Google's Brazil unit says will suspend Orkut pages
SAO PAULO, Brazil, May 25 (Reuters) Google Inc. will remove several community pages on its popular Brazilian social network site Orkut after Brazilian authorities said they promote violence, terrorism and child pornography.
''Those (pages) that our Orkut team can identify as inconsistent with its principals will be immediately removed.'' a spokeswoman for the local Google unit said today.
The spokeswoman added that a list provided by an official government task force, including federal police and prosecutors and non-government Internet watchdogs, was vague and it would be difficult to identify certain pages.
''We may require further details from the task force to identify some pages. Sometime they just provide a picture,'' she said, adding this could delay the removal of some pages.
Some of the community pages singled out by the task force seek the assassination of Brazilian President Luiz Inacio Lula da Silva or the blowing up of Congress, promote child pornography or terrorism, Brazilian authorities said.
A fifth site is suspected of being created by the First Command of the Capital, or PCC, a criminal gang behind a recent wave of violence in Sao Paulo state that killed about 150 people.
''The PCC uses the Internet to buy arms and arrange attacks against the police.
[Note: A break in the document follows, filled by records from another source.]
lemma leaky_bucket_increment_le:
  assumes "arrival_curve F (\<lambda>t. \<sigma> + \<rho> * t)" "cumulative F" "0 \<le> \<rho>" "0 \<le> x" "x \<le> y"
  shows "F y \<le> F x + \<sigma> + \<rho> * (y - x)"
proof -
  have "F y \<le> minplus_conv F (\<lambda>t. \<sigma> + \<rho> * t) y"
    using assms unfolding arrival_curve_def by auto
  also have "\<dots> \<le> F (y - (y - x)) + (\<sigma> + \<rho> * (y - x))"
    by (rule minplus_conv_le[where b = \<sigma>]) (use assms in auto)
  finally show ?thesis by simp
qed

lemma np_fp_serverD:
  assumes "np_fp_server C P Lmax In Out Tx"
  shows np_fp_server_out_le_in: "\<And>i t. i \<in> C \<Longrightarrow> Out i t \<le> In i t"
    and np_fp_server_transmission: "\<And>j a b. (j, a, b) \<in> Tx \<Longrightarrow> j \<in> C \<and> a < b \<and>
          Out j b - Out j a \<le> Lmax j \<and> (\<forall>i\<in>C. P i < P j \<longrightarrow> In i a \<le> Out i a)"
    and np_fp_server_disjoint: "\<And>x y. x \<in> Tx \<Longrightarrow> y \<in> Tx \<Longrightarrow> x \<noteq> y \<Longrightarrow>
          snd (snd x) \<le> fst (snd y) \<or> snd (snd y) \<le> fst (snd x)"
    and np_fp_server_idle: "\<And>i u v. i \<in> C \<Longrightarrow> u \<le> v \<Longrightarrow>
          (\<forall>(j, a, b)\<in>Tx. j = i \<longrightarrow> b \<le> u \<or> v \<le> a) \<Longrightarrow> Out i v = Out i u"
  using assms unfolding np_fp_server_def by (blast, fast, blast, blast)

lemma np_fp_output_increment_le:
  assumes fp: "np_fp_server C P Lmax In Out Tx" and j: "j \<in> C" and mono: "mono (Out j)"
    and no_start: "\<And>a b. (j, a, b) \<in> Tx \<Longrightarrow> s < a \<Longrightarrow> a < \<tau> \<Longrightarrow> False"
  shows "Out j \<tau> - Out j s \<le> (if \<exists>a b. (j, a, b) \<in> Tx \<and> a \<le> s \<and> s < b then Lmax j else 0)"
proof (cases "\<exists>a b. (j, a, b) \<in> Tx \<and> a \<le> s \<and> s < b")
  case False
  show ?thesis
  proof (cases "s \<le> \<tau>")
    case True
    have "\<forall>(j', a, b)\<in>Tx. j' = j \<longrightarrow> b \<le> s \<or> \<tau> \<le> a"
      using False no_start by (fastforce simp: not_le)
    then have "Out j \<tau> = Out j s" using np_fp_server_idle[OF fp j True] by blast
    then show ?thesis using False by auto
  next
    case False
    then show ?thesis using mono \<open>\<not> (\<exists>a b. _)\<close> by (auto simp: mono_def)
  qed
next
  case True
  then obtain a b where ab: "(j, a, b) \<in> Tx" "a \<le> s" "s < b" by blast
  have packet: "Out j b - Out j a \<le> Lmax j"
    using np_fp_server_transmission[OF fp ab(1)] by blast
  have "Out j a \<le> Out j s" using mono ab by (auto simp: mono_def)
  moreover have "Out j \<tau> \<le> Out j b"
  proof (cases "\<tau> \<le> b")
    case True
    then show ?thesis using mono by (auto simp: mono_def)
  next
    case False
    have "b' \<le> b" if ab': "(j, a', b') \<in> Tx" "\<not> \<tau> \<le> a'" for a' b'
    proof (cases "(j, a', b') = (j, a, b)")
      case False
      then have "b \<le> a' \<or> b' \<le> a" using np_fp_server_disjoint[OF fp ab(1) ab'(1)] by auto
      then show ?thesis using no_start[OF ab'(1)] ab'(2) ab by force
    qed simp
    then have "Out j \<tau> = Out j b" using np_fp_server_idle[OF fp j, of b \<tau>] False by force
    then show ?thesis by simp
  qed
  ultimately show ?thesis using packet True by simp
qed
The photos of many of the policemen killed in Sao Paulo were published in the chat room,'' Luiz Eduardo Greenhalgh, president of the Chamber of Deputies human rights commission and leader of the task force, told Reuters.
Brazilian government lawyers accuse the world's biggest Internet search engine of hindering investigations by guarding the anonymity of Web users on sites its says promote violence. Google says that, under U.S. law, it cannot reveal personal information about its clients.
Greenhalgh said he hoped to conclude an agreement within two weeks that would allow Google to help identify users of these pages.
Brazilian authorities say they need Google's cooperation in order to catch criminals who live in the United States.
Orkut has about 16 million users, about 72 percent of whom are Brazilian, according to Google data.
In April, Google Senior Vice President for Corporate Development David Drummond, came to Brazil to testify to Congress and promised to collaborate with Brazilian authorities within the limits of U S law.
Safernet, a private group fighting human rights abuses on the Internet, has complained to Brazil's attorney general's office about Orkut. It presented a 150-page dossier alleging child pornography, racial discrimination, drug trafficking and support of Nazism.